Force at the end of a Rod at rest on an inclined surface

[so_gr_lo]

Homework Statement

End B of uniform rod of length 1.5 weight 30N rests against smooth surface inclined at 70°. Other end, A, of rod rests on rough ground at 50°. Find the magnitude of the force acting at B.

Relevant Equations

moment = F x d

Question diagram, attempt at solution below

I need to cancel some of the terms in the moment equation but a not sure which ones to start with. I don’t know μ so can not calculate FA, so should probably substitute FA = RB2.

 

[Doc Al]

I find your diagram and equations a bit confusing. Realize that at B, the force exerted by the surface on the rod must be perpendicular to the surface (because the surface is smooth).

 

[Steve4Physics]

Homework Statement:: End B of uniform rod of length 1.5 weight 30N rests against smooth surface inclined at 70°. Other end, A, of rod rests on rough ground at 50°. Find the magnitude of the force acting at B.
Relevant Equations:: moment = F x d

Question diagram, attempt at solution below
View attachment 274416
View attachment 274417

moment = F x d is only true if F and d are perpendicular, i.e. if d is the length of the 'lever-arm' as shown here: https://slideplayer.com/slide/14635...Scalar+Analysis+Mo+=+F+d+Mo+=+F+(r+sin+θ).jpg

One arrow from the rod's middle is the weight (W). No idea what the other arrow is.

You have marked the length incorrectly. The arrow heads should be level with the ends of the rod.

No idea what $R_{B1}$ is. But $R_{B2}$ is perpendicular to the (tilted) wall and there is no friction at B. So $R_{B2}$ is the required force.

There is no need consider horizontal/vertical forces. Take moments about point A. The clockwise moment produced by W equals the anticlockwise moment produced by $R_{B2}$. That gives you a single equation from which to work out $R_{B2}$.

You just need to use some simple trig’ to work out the lever -arm distances (d) for W and for $R_{B2}$.

 

[haruspex]

moment = F x d is only true if F and d are perpendicular, i.e. if d is the length of the 'lever-arm' as shown here: https://slideplayer.com/slide/14635159/90/images/9/Calculating+moment+Scalar+Analysis+Mo+=+F+d+Mo+=+F+(r+sin+θ).jpg

One arrow from the rod's middle is the weight (W). No idea what the other arrow is.

You have marked the length incorrectly. The arrow heads should be level with the ends of the rod.

No idea what $R_{B1}$ is. But $R_{B2}$ is perpendicular to the (tilted) wall and there is no friction at B. So $R_{B2}$ is the required force.

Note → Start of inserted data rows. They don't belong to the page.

lemma image_factorisation:
  assumes F: "is_functor Fo Fm" and B: "is_functor Bo Bm" and ne: "X \<noteq> {}"
    and df: "dialg Fo Bo X f" and dg: "dialg Fo Bo Y g" and hh: "dhom Fo Fm Bo Bm X f Y g h"
  defines "s \<equiv> \<lambda>y\<in>h ` X. inv_into X h y"
  shows "epi_mono_fact Fo Fm Bo Bm X f Y g h
           (h ` X) (transported Fm Bm Fo X (h ` X) f h s) h (\<lambda>y\<in>h ` X. y)"
proof -
  let ?X' = "h ` X" and ?m = "\<lambda>y\<in>h ` X. y"
  let ?f' = "transported Fm Bm Fo X ?X' f h s"
  have h: "h \<in> X \<rightarrow>\<^sub>E Y" using dhom_fun[OF hh] .
  have e: "h \<in> X \<rightarrow>\<^sub>E ?X'" using h by auto
  have s: "s \<in> ?X' \<rightarrow>\<^sub>E X" by (auto simp: s_def inv_into_into)
  have m: "?m \<in> ?X' \<rightarrow>\<^sub>E Y" using h by auto
  have sect: "compose ?X' h s = (\<lambda>y\<in>?X'. y)"
    unfolding s_def by (rule compose_id_inv_into) simp
  have fact: "compose X ?m h = h"
    using h by (intro compose_eqI) (auto simp: PiE_iff)
  have inj: "inj_on ?m ?X'" by (simp add: inj_on_def)
  have d': "dialg Fo Bo ?X' ?f'" using transported_dialg[OF F B df e s] .
  have mhom: "dhom Fo Fm Bo Bm ?X' ?f' Y g ?m"
    using transported_dhom[OF F B df hh e s m sect fact] .
  have "inj_on (Bm ?X' Y ?m) (Bo ?X')"
    using functor_preserves_monos[OF B m inj] ne by blast
  then have ehom: "dhom Fo Fm Bo Bm X f ?X' ?f' h"
    using dhom_cancel_mono[OF F B df d' e fact hh mhom] by blast
  show ?thesis
    unfolding epi_mono_fact_def using d' ehom mhom inj fact by simp
qed

lemma empty_factorisation:
  assumes F: "is_functor Fo Fm" and B: "is_functor Bo Bm" and empty: "X = {}"
    and df: "dialg Fo Bo X f" and hh: "dhom Fo Fm Bo Bm X f Y g h"
  shows "epi_mono_fact Fo Fm Bo Bm X f Y g h X f h h"
proof -
  have hid: "h = (\<lambda>x\<in>X. x)" using dhom_fun[OF hh] empty by auto
  have ehom: "dhom Fo Fm Bo Bm X f X f h"
  proof (rule dhomI)
    show "h \<in> X \<rightarrow>\<^sub>E X" using hid by simp
    fix x assume x: "x \<in> Fo X"
    then have "f x \<in> Bo X" using df by (auto simp: dialg_def)
    then show "f (Fm X X h x) = Bm X X h (f x)"
      using functor_id_apply[OF F x] functor_id_apply[OF B] hid by simp
  qed
  have "h = compose X h h" using empty hid by (simp add: compose_def restrict_def)
  then show ?thesis unfolding epi_mono_fact_def using df ehom hh empty by auto
qed

lemma factorisation_exists:
  assumes "is_functor Fo Fm" and "is_functor Bo Bm"
    and "dialg Fo Bo X f" and "dialg Fo Bo Y g" and "dhom Fo Fm Bo Bm X f Y g h"
  shows "\<exists>X' f' e m. epi_mono_fact Fo Fm Bo Bm X f Y g h X' f' e m"
  using image_factorisation[OF assms(1,2) _ assms(3-5)] empty_factorisation[OF assms(1,2) _ assms(3,5)]
  by (cases "X = {}") blast+

section \<open>Uniqueness of the factorisation\<close>

lemma factor_through_inj:
  assumes m1: "m1 \<in> X1 \<rightarrow>\<^sub>E Y" and inj: "inj_on m2 X2" and img: "m1 ` X1 \<subseteq> m2 ` X2"
  shows "\<exists>i \<in> X1 \<rightarrow>\<^sub>E X2. compose X1 m2 i = m1"
proof -
  define i where "i = (\<lambda>y\<in>X1. inv_into X2 m2 (m1 y))"
  have "i \<in> X1 \<rightarrow>\<^sub>E X2" using img by (auto simp: i_def inv_into_into)
  moreover have "compose X1 m2 i = m1"
    using img m1 by (intro compose_eqI) (auto simp: i_def f_inv_into_f PiE_iff)
  ultimately show ?thesis by blast
qed

lemma epi_mono_fact_image:
  assumes "epi_mono_fact Fo Fm Bo Bm X f Y g h X' f' e m"
  shows "m ` X' = h ` X"
  using assms unfolding epi_mono_fact_def by (auto simp: compose_eq)

lemma comparison_map:
  assumes F: "is_functor Fo Fm" and B: "is_functor Bo Bm"
    and P: "preserves_monos_empty_dom Bo Bm"
    and E1: "epi_mono_fact Fo Fm Bo Bm X f Y g h X1 f1 e1 m1"
    and E2: "epi_mono_fact Fo Fm Bo Bm X f Y g h X2 f2 e2 m2"
  obtains i where "i \<in> X1 \<rightarrow>\<^sub>E X2" "dhom Fo Fm Bo Bm X1 f1 X2 f2 i"
    "compose X1 m2 i = m1" "compose X i e1 = e2"
proof -
  have d1: "dialg Fo Bo X1 f1" and he1: "dhom Fo Fm Bo Bm X f X1 f1 e1"
    and hm1: "dhom Fo Fm Bo Bm X1 f1 Y g m1" and h1: "h = compose X m1 e1"
    using E1 unfolding epi_mono_fact_def by auto
  have d2: "dialg Fo Bo X2 f2" and he2: "dhom Fo Fm Bo Bm X f X2 f2 e2"
    and hm2: "dhom Fo Fm Bo Bm X2 f2 Y g m2" and inj2: "inj_on m2 X2"
    and h2: "h = compose X m2 e2"
    using E2 unfolding epi_mono_fact_def by auto
  obtain i where i: "i \<in> X1 \<rightarrow>\<^sub>E X2" and fact: "compose X1 m2 i = m1"
    using factor_through_inj[OF dhom_fun[OF hm1] inj2]
      epi_mono_fact_image[OF E1] epi_mono_fact_image[OF E2] by blast
  have "inj_on (Bm X2 Y m2) (Bo X2)"
    using functor_preserves_monos[OF B dhom_fun[OF hm2] inj2] P by blast
  then have ihom: "dhom Fo Fm Bo Bm X1 f1 X2 f2 i"
    using dhom_cancel_mono[OF F B d1 d2 i fact hm1 hm2] by blast
  have e1: "e1 \<in> X \<rightarrow>\<^sub>E X1" using dhom_fun[OF he1] .
  have "compose X m2 (compose X i e1) = compose X m2 e2"
    using compose_assoc[of e1 X X1 m2 i] e1 fact h1 h2 by auto
  then have "compose X i e1 = e2"
    using compose_cancel_inj[OF inj2 compose_PiE[OF e1 i] dhom_fun[OF he2]] by blast
  then show ?thesis using that i ihom fact by blast
qed

lemma comparison_inverse:
  assumes i: "i \<in> X1 \<rightarrow>\<^sub>E X2" and j: "j \<in> X2 \<rightarrow>\<^sub>E X1" and m1: "m1 \<in> X1 \<rightarrow>\<^sub>E Y"
    and inj1: "inj_on m1 X1" and fi: "compose X1 m2 i = m1" and fj: "compose X2 m1 j = m2"
  shows "compose X1 j i = (\<lambda>x\<in>X1. x)"
proof (rule compose_cancel_inj[OF inj1 compose_PiE[OF i j]])
  show "(\<lambda>x\<in>X1. x) \<in> X1 \<rightarrow>\<^sub>E X1" by simp
  have "compose X1 m1 (compose X1 j i) = m1"
    using compose_assoc[of i X1 X2 m1 j] i fi fj by auto
  also have "\<dots> = compose X1 m1 (\<lambda>x\<in>X1. x)" using compose_Id[of m1 X1 Y] m1 by (simp add: PiE_iff)
  finally show "compose X1 m1 (compose X1 j i) = compose X1 m1 (\<lambda>x\<in>X1. x)" .
qed

lemma factorisation_unique:
  assumes F: "is_functor Fo Fm" and B: "is_functor Bo Bm"
    and P: "preserves_monos_empty_dom Bo Bm"
    and E1: "epi_mono_fact Fo Fm Bo Bm X f Y g h X1 f1 e1 m1"
    and E2: "epi_mono_fact Fo Fm Bo Bm X f Y g h X2 f2 e2 m2"
  shows "\<exists>i. dialg_iso Fo Fm Bo Bm X1 f1 X2 f2 i \<and> compose X i e1 = e2 \<and> compose X1 m2 i = m1"
proof -
  obtain i where i: "i \<in> X1 \<rightarrow>\<^sub>E X2" "dhom Fo Fm Bo Bm X1 f1 X2 f2 i"
      "compose X1 m2 i = m1" "compose X i e1 = e2"
    using comparison_map[OF F B P E1 E2] .
  obtain j where j: "j \<in> X2 \<rightarrow>\<^sub>E X1" "dhom Fo Fm Bo Bm X2 f2 X1 f1 j" "compose X2 m1 j = m2"
    using comparison_map[OF F B P E2 E1] .
  have m1: "m1 \<in> X1 \<rightarrow>\<^sub>E Y" "inj_on m1 X1" and m2: "m2 \<in> X2 \<rightarrow>\<^sub>E Y" "inj_on m2 X2"
    using E1 E2 unfolding epi_mono_fact_def by (auto dest: dhom_fun)
  have "compose X1 j i = (\<lambda>x\<in>X1. x)" "compose X2 i j = (\<lambda>x\<in>X2. x)"
    using comparison_inverse[OF i(1) j(1) m1 i(3) j(3)]
      comparison_inverse[OF j(1) i(1) m2 j(3) i(3)] by auto
  then have "dialg_iso Fo Fm Bo Bm X1 f1 X2 f2 i"
    unfolding dialg_iso_def using i(2) j(2) by blast
  then show ?thesis using i(3,4) by blast
qed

There is no need consider horizontal/vertical forces. Take moments about point A. The clockwise moment produced by W equals the anticlockwise moment produced by $R_{B2}$. That gives you a single equation from which to work out $R_{B2}$.

You just need to use some simple trig’ to work out the lever -arm distances (d) for W and for $R_{B2}$.

Apart from the way R_B2 is drawn (seems it it supposed to be horizontal), everything looks correct so far. Also, it would be clearer if the surface were drawn to extend beyond the rod.
But there are only three equations and four unknowns. As @Doc Al posted, the unused fact is that the angled surface is smooth.

@so_gr_lo, a useful trick with such problems is to look for forces that you neither know nor need to know. By carefully choosing the axis to take moments about you can often eliminate these and get straight to the key equation.

 

[so_gr_lo]

My initial attempt at the solution was based on a tutorial for a similar question, however this question had a rough wall, so I included unnecessary forces.

if I take moments about A I can ignore RA and F. Below is my second attempt, but I am not sure if the line I have drawn is the correct perpendicular distance from R to A.

 

[haruspex]

My initial attempt at the solution was based on a tutorial for a similar question, however this question had a rough wall, so I included unnecessary forces.

if I take moments about A I can ignore RA and F. Below is my second attempt, but I am not sure if the line I have drawn is the correct perpendicular distance from R to A.

View attachment 274465

You know R is perpendicular to the surface, and you want to draw a line perpendicular to R, so...

 

[so_gr_lo]

So the length of the surface is the perpendicular distance between R and A?

 

[haruspex]

So the length of the surface is the perpendicular distance between R and A?

No, I wanted you to think about the direction of that perpendicular distance in relation to the plane of the surface.

 

[so_gr_lo]

The perpendicular distance is parallel to the surface

 

[haruspex]

The perpendicular distance is parallel to the surface

Right. So if that distance meets the line of action of R at C, what is angle CAB?

 

[so_gr_lo]

20°

 

[Steve4Physics]

20°

Can I add that if the bottom of the wall is P, then ∠PBC = 90° and the lever arm (AC) is parallel to PB. Also ∠PBA = 20°. An accurate diagram can often make it much easier to see what's going on.

 

[so_gr_lo]

So for R I get

 

[haruspex]

So for R I get

View attachment 274519

Looks good.

 

[so_gr_lo]

Finally. Thanks for the help.